It would be great if this could be backpatched to all currently supported
PG versions. The patch is very small, so it should be very little effort I
think. I'd be happy to help with that if that's useful or needed.

On Tue, 16 Mar 2021 at 16:09, Michael Paquier <michael@paquier.xyz> wrote:

Show quoted text

On Fri, Dec 13, 2019 at 03:39:15PM +0900, Michael Paquier wrote:

Attached is a patch, I'll go commit that if there are no objections.
The DH handling does not really change regarding the way it gets
free'd or not down to 0.9.8.

And committed. Dmitry has pointed out offline that we need to do the
same with the error code path, and he is right as OpenSSL does not
touch the passed-in DH information for 0.9.8~.
--
Michael

#5Tom Lane
tgl@sss.pgh.pa.us
In reply to: Jelte Fennema-Nio (#4)
Re: BUG #16160: Minor memory leak in case of starting postgres server with SSL encryption

Jelte Fennema <postgres@jeltef.nl> writes:

We ran into this memory leak on PG11 in production. The lea was determined
to be the root cause of OOM errors we were seeing. There was a combination
of a things that caused this leak to become serious enough for these OOM
errors to happen:

I follow the argument that a leak in the postmaster's SIGHUP processing
could accumulate enough to be a problem. However, how sure are you
really that this specific bug accounts for all of the leakage you saw?
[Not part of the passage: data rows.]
lemma shortest_path_tree_exists:
  assumes "r \<in> V" "E \<subseteq> V \<times> V" "\<forall>w\<in>V. (r, w) \<in> E\<^sup>*"
  shows "\<exists>parent depth. parent_tree V E r parent depth"
proof -
  define depth where "depth w = (LEAST j. (r, w) \<in> E ^^ j)" for w
  define parent where "parent w = (SOME y. (r, y) \<in> E ^^ (depth w - 1) \<and> (y, w) \<in> E)" for w
  have "parent_tree V E r parent depth"
  proof
    show "r \<in> V" by (rule assms(1))
    show "depth r = 0"
      unfolding depth_def by (rule Least_eq_0) simp
    fix w assume w: "w \<in> V" "w \<noteq> r"
    obtain j where "(r, w) \<in> E ^^ j"
      using assms(3) w(1) rtrancl_power by blast
    then have path: "(r, w) \<in> E ^^ depth w"
      unfolding depth_def by (rule LeastI)
    then obtain m where m: "depth w = Suc m"
      using w(2) by (cases "depth w") auto
    then obtain y where "(r, y) \<in> E ^^ m" "(y, w) \<in> E"
      using path by auto
    then have pw: "(r, parent w) \<in> E ^^ m" "(parent w, w) \<in> E"
      unfolding parent_def m using someI[where P="\<lambda>y. (r, y) \<in> E ^^ m \<and> (y, w) \<in> E"] by auto
    have "depth (parent w) \<le> m"
      unfolding depth_def using pw(1) by (rule Least_le)
    moreover have "(r, w) \<in> E ^^ Suc (depth (parent w))"
      using pw by (auto simp: depth_def intro: LeastI)
    then have "Suc m \<le> Suc (depth (parent w))"
      unfolding m[symmetric] depth_def by (rule Least_le)
    ultimately show "parent w \<in> V \<and> (parent w, w) \<in> E \<and> depth w = Suc (depth (parent w))"
      using pw(2) assms(2) m by auto
  qed
  then show ?thesis by blast
qed

lemma burning_seq_if_triangular:
  assumes "V \<noteq> {}" "finite V" "digraph V E" "strongly_connected V E" "2 * card V \<le> k * (k + 1)"
  shows "\<exists>x. burning_seq V E k x"
proof -
  obtain r where r: "r \<in> V"
    using assms(1) by auto
  have EV: "E \<subseteq> V \<times> V"
    using assms(3) unfolding digraph_def by auto
  have "\<forall>w\<in>V. (r, w) \<in> E\<^sup>*"
    using assms(4) r unfolding strongly_connected_def by blast
  then obtain parent depth where tree: "parent_tree V E r parent depth"
    using shortest_path_tree_exists[OF r EV] by blast
  obtain x where "\<forall>i<k. x i \<in> V" "V \<subseteq> (\<Union>i<k. out_ball E i (x i))"
    using parent_tree_cover[OF tree assms(2,5)] by blast
  then show ?thesis
    using burning_seqI[OF EV] by blast
qed

lemma burning_number_le_ceiling:
  assumes "V \<noteq> {}" "finite V" "digraph V E" "strongly_connected V E"
  shows "int (burning_number V E) \<le> \<lceil>sqrt (2 * real (card V) + 1/4) - 1/2\<rceil>"
proof -
  define k where "k = nat \<lceil>sqrt (2 * real (card V) + 1/4) - 1/2\<rceil>"
  have k: "int k = \<lceil>sqrt (2 * real (card V) + 1/4) - 1/2\<rceil>"
    unfolding k_def using ceiling_sqrt_nonneg by (rule nat_0_le)
  then have "2 * card V \<le> k * (k + 1)"
    using ceiling_sqrt_le_iff_triangular[of "card V" k] by simp
  then obtain x where "burning_seq V E k x"
    using burning_seq_if_triangular[OF assms] by blast
  then have "burning_number V E \<le> k"
    by (rule burning_number_le)
  then show ?thesis
    using k by linarith
qed

lemma card_out_ball_single_valued:
  assumes "single_valued E"
  shows "card (out_ball E k v) \<le> Suc k"
proof -
  have "out_ball E k v = (\<Union>j\<le>k. (E ^^ j) `` {v})"
    unfolding out_ball_def by auto
  also have "card \<dots> \<le> (\<Sum>j\<le>k. card ((E ^^ j) `` {v}))"
    by (rule card_UN_le) simp
  also have "\<dots> \<le> (\<Sum>j\<le>k. 1)"
  proof (rule sum_mono)
    fix j
    have "single_valued (E ^^ j)"
      using assms by (rule single_valued_relpow)
    then have "(E ^^ j) `` {v} = {} \<or> (\<exists>y. (E ^^ j) `` {v} = {y})"
      unfolding single_valued_def by blast
    then show "card ((E ^^ j) `` {v}) \<le> 1"
      by auto
  qed
  finally show ?thesis by simp
qed

lemma double_sum_lessThan_Suc: "2 * (\<Sum>i<k. Suc i) = k * (k + 1)"
  by (induction k) auto

lemma burning_seq_single_valued_card:
  assumes "single_valued E" "burning_seq V E b x"
  shows "2 * card V \<le> b * (b + 1)"
proof -
  have "card V = card (\<Union>i<b. out_ball E i (x i))"
    using assms(2) unfolding burning_seq_def by simp
  also have "\<dots> \<le> (\<Sum>i<b. card (out_ball E i (x i)))"
    by (rule card_UN_le) simp
  also have "\<dots> \<le> (\<Sum>i<b. Suc i)"
    using card_out_ball_single_valued[OF assms(1)] by (rule sum_mono)
  finally show ?thesis
    using double_sum_lessThan_Suc[of b] by linarith
qed

(* The condition 2 \<le> n leaves the one-node cycle without arcs, since loops are excluded. *)
definition cycle_arcs :: "nat \<Rightarrow> (nat \<times> nat) set" where
  "cycle_arcs n = {(i, Suc i mod n) | i. i < n \<and> 2 \<le> n}"

lemma single_valued_cycle_arcs: "single_valued (cycle_arcs n)"
  unfolding single_valued_def cycle_arcs_def by auto

lemma digraph_cycle_arcs: "digraph {..<n} (cycle_arcs n)"
  unfolding digraph_def cycle_arcs_def by (auto simp: mod_Suc)

lemma strongly_connected_cycle_arcs: "strongly_connected {..<n} (cycle_arcs n)"
proof (cases "2 \<le> n")
  case False
  then have "u = w" if "u < n" "w < n" for u w
    using that by linarith
  then show ?thesis
    unfolding strongly_connected_def by auto
next
  case True
  have walk: "(u, (u + j) mod n) \<in> (cycle_arcs n)\<^sup>*" if "u < n" for u j
  proof (induction j)
    case 0
    then show ?case using that by simp
  next
    case (Suc j)
    have "((u + j) mod n, (u + Suc j) mod n) \<in> cycle_arcs n"
      unfolding cycle_arcs_def using True by (auto simp: mod_Suc_eq)
    with Suc.IH show ?case
      by (rule rtrancl_into_rtrancl)
  qed
  show ?thesis
    unfolding strongly_connected_def
  proof (intro ballI)
    fix u w assume "u \<in> {..<n}" "w \<in> {..<n}"
    then have "(u + (n - u + w)) mod n = w" "u < n"
      by auto
    then show "(u, w) \<in> (cycle_arcs n)\<^sup>*"
      using walk[of u "n - u + w"] by simp
  qed
qed

lemma burning_number_cycle:
  assumes "n \<ge> 1"
  shows "int (burning_number {..<n} (cycle_arcs n)) = \<lceil>sqrt (2 * real n + 1/4) - 1/2\<rceil>"
proof -
  let ?V = "{..<n}" and ?E = "cycle_arcs n"
  have ne: "?V \<noteq> {}"
    using assms by (simp add: lessThan_empty_iff)
  have "\<exists>x. burning_seq ?V ?E (2 * n) x"
    using burning_seq_if_triangular[OF ne _ digraph_cycle_arcs strongly_connected_cycle_arcs]
    by simp
  then have "\<exists>k x. burning_seq ?V ?E k x"
    by blast
  then have "\<exists>x. burning_seq ?V ?E (burning_number ?V ?E) x"
    unfolding burning_number_def by (rule LeastI_ex)
  then obtain x where "burning_seq ?V ?E (burning_number ?V ?E) x" ..
  then have "2 * card ?V \<le> burning_number ?V ?E * (burning_number ?V ?E + 1)"
    by (rule burning_seq_single_valued_card[OF single_valued_cycle_arcs])
  then have "2 * n \<le> burning_number ?V ?E * (burning_number ?V ?E + 1)"
    by simp
  then have "\<lceil>sqrt (2 * real n + 1/4) - 1/2\<rceil> \<le> int (burning_number ?V ?E)"
    using ceiling_sqrt_le_iff_triangular by blast
  moreover have "int (burning_number ?V ?E) \<le> \<lceil>sqrt (2 * real n + 1/4) - 1/2\<rceil>"
    using burning_number_le_ceiling[OF ne _ digraph_cycle_arcs strongly_connected_cycle_arcs]
    by simp
  ultimately show ?thesis
    by linarith
qed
I'm wondering about that because I see some other stuff in be_tls_init()
that looks like it might get leaked, notably the root_cert_list read
from the ssl_ca_file. This code was originally meant to be run exactly
once at postmaster start, so it's not too surprising that it's not as
careful as it now needs to be.

regards, tom lane

#6Jelte Fennema-Nio
postgres@jeltef.nl
In reply to: Tom Lane (#5)
Re: BUG #16160: Minor memory leak in case of starting postgres server with SSL encryption

I'm pretty sure it was the only cause in this specific case. When running
postgres with valgrind this was the only block that was repeatedly being
leaked.

Originally we also thought that root_cert_list could be the cause. Changing
the size of the root cert did not speed up the memory leak though, so this
was rejected as one of the causes (before we ran postgres with valgrind).
The reason it doesn't leak is that root_cert_list gets added to the SSL_CTX
a little while after creation if everything goes well.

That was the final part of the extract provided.